Segment Open

lemma leads_if_window_offset:
  assumes a: "\<alpha> \<in> window a" "\<alpha> + int d - 1 \<in> window a"
    and b: "\<beta> \<in> window b" "\<beta> + int d - 1 \<in> window b"
    and offset: "int m - int d + 1 \<le> (\<beta> - \<alpha>) mod int m" "(\<beta> - \<alpha>) mod int m \<le> int d - 1"
  shows "leads (occ w a) (occ w b) \<or> leads (occ w b) (occ w a)"
proof -
  define q \<delta> where "q = (\<beta> - \<alpha>) div int m" and "\<delta> = (\<beta> - \<alpha>) mod int m"
  have \<beta>: "\<beta> = \<alpha> + \<delta> + q * int m" "\<beta> + int d - 1 = \<alpha> + \<delta> + int d - 1 + q * int m"
    using div_mult_mod_eq[of "\<beta> - \<alpha>" "int m"] by (simp_all add: q_def \<delta>_def)
  text \<open>Moved back by \<open>q m\<close>, the window of \<open>b\<close> starts inside the window of \<open>a\<close> and ends inside
    its translate by \<open>m\<close>, so monotonicity squeezes the count of \<open>b\<close> against that of \<open>a\<close>.\<close>
  have sandwich: "occ w b t + q \<le> occ w a t \<and> occ w a t \<le> occ w b t + q + 1" for t
  proof -
    have "clique_count (\<alpha> + \<delta> + int d - 1) t \<le> clique_count (\<alpha> + 1 * int m) t"
      "clique_count (\<alpha> + int d - 1) t \<le> clique_count (\<alpha> + \<delta>) t"
      using offset by (simp_all add: clique_count_antimono \<delta>_def)
    then show ?thesis
      using a b clique_count_add_mult[of \<alpha> 1 t] clique_count_add_mult[of "\<alpha> + \<delta>" q t]
        clique_count_add_mult[of "\<alpha> + \<delta> + int d - 1" q t]
      unfolding \<beta> window_def leads_def by (smt (verit) mem_Collect_eq)
  qed
  then consider "q = 0" | "q = -1"
    by (smt (verit) occ_0)
  then show ?thesis
  proof cases
    case 1
    then have "leads (occ w a) (occ w b)"
      using sandwich by (simp add: leads_def)
    then show ?thesis ..
  next
    case 2
    then have "leads (occ w b) (occ w a)"
      using sandwich unfolding leads_def by (smt (verit))
    then show ?thesis ..
  qed
qed

lemma label_image_Icc_mod:
  assumes "\<alpha> mod int m = \<alpha>' mod int m"
  shows "label ` {\<alpha>..\<alpha> + c} = label ` {\<alpha>'..\<alpha>' + c}"
proof -
  define k where "k = \<alpha>' div int m - \<alpha> div int m"
  have "\<alpha>' = \<alpha> + k * int m"
    using assms div_mult_mod_eq[of \<alpha> "int m"] div_mult_mod_eq[of \<alpha>' "int m"]
    unfolding k_def left_diff_distrib by linarith
  then have "(\<lambda>n. n + k * int m) ` {\<alpha>..\<alpha> + c} = {\<alpha>'..\<alpha>' + c}"
    by (simp add: ac_simps)
  then show ?thesis
    by (metis (no_types, lifting) image_cong image_image label_add_mult)
qed

lemma window_ends:
  assumes "a \<in> I" "degree V E a = d" "0 < d"
  shows "window_start a \<in> window a" "window_start a + int d - 1 \<in> window a"
  using window_eq_Icc[of a] assms by auto

lemma neighbourhood_eq_if_window_start_mod_eq:
  assumes "a \<in> I" "b \<in> I" "degree V E a = d" "degree V E b = d" "0 < d"
    and "window_start a mod int m = window_start b mod int m"
  shows "neighbourhood V E a = neighbourhood V E b"
proof -
  have "neighbourhood V E x = label ` {window_start x..window_start x + (int d - 1)}"
    if "x \<in> I" "degree V E x = d" for x
    using that assms(5) neighbourhood_eq_label_window window_eq_Icc by (simp add: add_diff_eq)
  then show ?thesis
    using assms(1-4) label_image_Icc_mod[OF assms(6)] by metis
qed

lemma window_starts_cyclically_close:
  assumes "a \<in> I" "b \<in> I" "degree V E a = d" "degree V E b = d" "0 < d" "d \<le> m"
  shows "\<not> (int m - int d + 1 \<le> (window_start b - window_start a) mod int m
      \<and> (window_start b - window_start a) mod int m \<le> int d - 1)"
proof
  assume far: "int m - int d + 1 \<le> (window_start b - window_start a) mod int m
      \<and> (window_start b - window_start a) mod int m \<le> int d - 1"
  then have "leads (occ w a) (occ w b) \<or> leads (occ w b) (occ w a)"
    using leads_if_window_offset[OF window_ends[OF assms(1,3,5)] window_ends[OF assms(2,4,5)]] by blast
  moreover have "a \<noteq> b"
    using far assms(6) by auto
  ultimately have "E a b"
    using E_iff_leads I_subset_V assms(1,2) by blast
  then show False
    using not_E_I assms(1,2) by blast
qed

lemma card_le_if_distinct_neighbourhoods:
  assumes S: "S \<subseteq> I" and deg: "\<And>v. v \<in> S \<Longrightarrow> degree V E v = d"
    and inj: "inj_on (neighbourhood V E) S" and d: "m + 1 < 2 * d" "d \<le> m"
  shows "card S \<le> m - d + 1"
proof -
  define u where "u a = window_start a mod int m" for a
  have "inj_on u S"
  proof (rule inj_onI)
    fix a b assume "a \<in> S" "b \<in> S" "u a = u b"
    then have "neighbourhood V E a = neighbourhood V E b"
      using S deg d by (intro neighbourhood_eq_if_window_start_mod_eq) (auto simp: u_def)
    then show "a = b"
      using inj \<open>a \<in> S\<close> \<open>b \<in> S\<close> by (auto dest: inj_onD)
  qed
  then have "card S = card (u ` S)"
    by (simp add: card_image)
  also have "\<dots> \<le> nat (int m - int d + 1)"
  proof (rule card_cyclically_close_residues)
    show "u ` S \<subseteq> {0..<int m}"
      using m_pos by (auto simp: u_def)
    show "0 \<le> int m - int d" "2 * (int m - int d) + 2 \<le> int m"
      using d by presburger+
    fix x y assume "x \<in> u ` S" "y \<in> u ` S"
    then obtain a b where ab: "a \<in> S" "b \<in> S" "x = u a" "y = u b"
      by blast
    then show "\<not> (int m - int d + 1 \<le> (y - x) mod int m \<and> (y - x) mod int m \<le> int m - (int m - int d) - 1)"
      using window_starts_cyclically_close[of a b d] S deg d by (simp add: u_def mod_diff_eq subset_iff)
  qed
  finally show ?thesis
    using d by linarith
qed

end

theorem card_distinct_neighbourhoods_le:
  assumes split: "split_graph V E I K" and "word_representable V E"
    and S: "S \<subseteq> I" "\<forall>v\<in>S. degree V E v = d" "inj_on (neighbourhood V E) S"
    and d: "card K + 1 < 2 * d" "d \<le> card K"
  shows "card S \<le> card K - d + 1"
proof -
  obtain w where rep: "word_represents V E w"
    using \<open>word_representable V E\<close> unfolding word_representable_def by blast
  have K: "K \<subseteq> V" "\<forall>x\<in>K. \<forall>y\<in>K. x \<noteq> y \<longrightarrow> E x y"
    using split by (auto simp: split_graph_def is_maximal_clique_def is_clique_def)
  have K_w: "K \<subseteq> set w"
    using K(1) rep by (simp add: word_represents_def)
  have clique: "alternate_in w x y" if "x \<in> K" "y \<in> K" "x \<noteq> y" for x y
  proof -
    have "x \<in> V" "y \<in> V" "E x y"
      using K that by auto
    then show ?thesis
      using rep that(3) by (simp add: word_represents_def)
  qed
  obtain \<kappa> where "bij_betw \<kappa> {..<card K} K"
    and "\<And>i j. i < j \<Longrightarrow> j < card K \<Longrightarrow> leads (occ w (\<kappa> i)) (occ w (\<kappa> j))"
    using clique_enumeration[OF K_w clique] by metis
  then interpret labelled_split_word V E I K w "card K" \<kappa>
    using split rep d by unfold_locales auto
  show ?thesis
    using card_le_if_distinct_neighbourhoods S d by blast
qed

section \<open>A split graph attaining the bound\<close>

lemma filter_pair_upt:
  assumes "a < b"
  shows "filter (\<lambda>z. z = a \<or> z = b) [i..<j] =
    (if i \<le> a \<and> a < j then [a] else []) @ (if i \<le> b \<and> b < j then [b] else [])"
  using assms by (induction j) auto

locale split_construction =
  fixes m d :: nat
  assumes d_pos: "0 < d" and d_less: "d < m"
begin

definition key_before :: "nat \<Rightarrow> nat" where
  "key_before z = (if z < m then 2 * z + 1 else 2 * (z - m))"

definition key_after :: "nat \<Rightarrow> nat" where
  "key_after z = (if z < m then 2 * z else 2 * (z - m + d - 1) + 1)"

text \<open>The independent vertex \<open>m + s\<close> comes right before \<open>s\<close> in the first block and right after
  \<open>s + d - 1\<close> in the third, so it alternates exactly with \<open>s, \<dots>, s + d - 1\<close>.\<close>

definition word :: "nat list" where
  "word = sort_key key_before [0..<2 * m - d + 1] @ rev [m..<2 * m - d + 1]
    @ sort_key key_after [0..<2 * m - d + 1] @ [0..<m]"

lemma filter_word:
  assumes "a < b" "b < 2 * m - d + 1"
  shows "filter (\<lambda>z. z = a \<or> z = b) word =
    sort_key key_before [a, b] @ rev (filter (\<lambda>z. z = a \<or> z = b) [m..<2 * m - d + 1])
    @ sort_key key_after [a, b] @ filter (\<lambda>z. z = a \<or> z = b) [0..<m]"
  using assms by (simp add: word_def filter_sort filter_pair_upt rev_filter)

lemma alternate_clique:
  assumes "x < y" "y < m"
  shows "alternate_in word x y"
  using assms d_less filter_word[of x y]
  by (simp add: alternate_in_iff_distinct_adj filter_pair_upt key_before_def key_after_def del: upt_Suc)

Segment Closed

The answer must consist of every line in the records above that contains the word "forall".

TASK ANSWER:
    and S: "S \<subseteq> I" "\<forall>v\<in>S. degree V E v = d" "inj_on (neighbourhood V E) S"
  have K: "K \<subseteq> V" "\<forall>x\<in>K. \<forall>y\<in>K. x \<noteq> y \<longrightarrow> E x y"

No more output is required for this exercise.